Южанин снисходительно глянул в ответ, но развеивать наивных иллюзий не стал, лишь сухо пообещал:

– В дороге у вас еще будет возможность продумать свою линию защиты. В конце концов, вас ждет честный суд, а не судилище.

Я и сам не раз дарил подозреваемым лучик надежды, дабы те охотней шли на сотрудничество со следствием, поэтому нисколько не сомневался, что в дороге мне представится возможность сдохнуть под пытками, и ничего сверх того. И все же выдавил из себя беспечную улыбку.

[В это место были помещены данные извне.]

lemma not_almost_compactI:
  assumes E: "\<And>n. E n \<in> sets lebesgue" "\<And>n. E n \<subseteq> \<Omega>"
    and "(\<lambda>n. emeasure lebesgue (E n)) \<longlonglongrightarrow> 0" and "0 < \<beta>"
    and witness: "\<And>n. \<exists>u\<in>vLp \<Omega> e. vnorm \<Omega> e u \<le> 1 \<and> ennreal \<beta> \<le> vnorm \<Omega> f (\<lambda>x. u x * indicator (E n) x)"
  shows "\<not> almost_compact \<Omega> e f"
proof
  assume "almost_compact \<Omega> e f"
  obtain s :: "nat \<Rightarrow> nat" where "AE x in lebesgue. (\<lambda>k. indicator (E (s k)) x :: real) \<longlonglongrightarrow> 0"
    using emeasure_tendsto_0_imp_AE_indicator_subseq assms(1,3) by blast
  then have "AE x in lebesgue. x \<in> \<Omega> \<longrightarrow> (\<lambda>k. indicator (E (s k)) x :: real) \<longlonglongrightarrow> 0"
    by (rule eventually_mono) simp
  then have "(\<lambda>k. SUP u \<in> {u \<in> vLp \<Omega> e. vnorm \<Omega> e u \<le> 1}.
               vnorm \<Omega> f (\<lambda>x. u x * indicator (E (s k)) x)) \<longlonglongrightarrow> 0"
    using \<open>almost_compact \<Omega> e f\<close>[unfolded almost_compact_def, rule_format, of "\<lambda>k. E (s k)"] E
    by blast
  moreover have "ennreal \<beta> \<le> (SUP u \<in> {u \<in> vLp \<Omega> e. vnorm \<Omega> e u \<le> 1}.
               vnorm \<Omega> f (\<lambda>x. u x * indicator (E (s k)) x))" for k
    using witness[of "s k"] by (auto intro: SUP_upper2)
  ultimately have "ennreal \<beta> \<le> 0" by (intro LIMSEQ_le_const) auto
  then show False using \<open>0 < \<beta>\<close> by simp
qed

– Что в тех пергаментах, Сильвио?

Де ла Вега ничего не ответил, лишь вытянул из-под брошенного на лавку плаща моток веревки, искрившейся в истинном зрении серебристыми всполохами, и скомандовал:

– Руки!

Я и не подумал выполнить его распоряжение, вместо этого произнес:

– У нас пересекались интересы, и выбить меня из игры, переложив ответственность за убийство маркиза, – разумный ход. Но дальнейшее преследование… нелогично. Вы добились своего, к чему эти метания?

– Признание – царица доказательств, – прямо ответил южанин. – Маркиз приходится кузеном великому герцогу, ни у кого не должно возникнуть сомнений в том, что убийца – именно вы. Ничего личного, просто политика.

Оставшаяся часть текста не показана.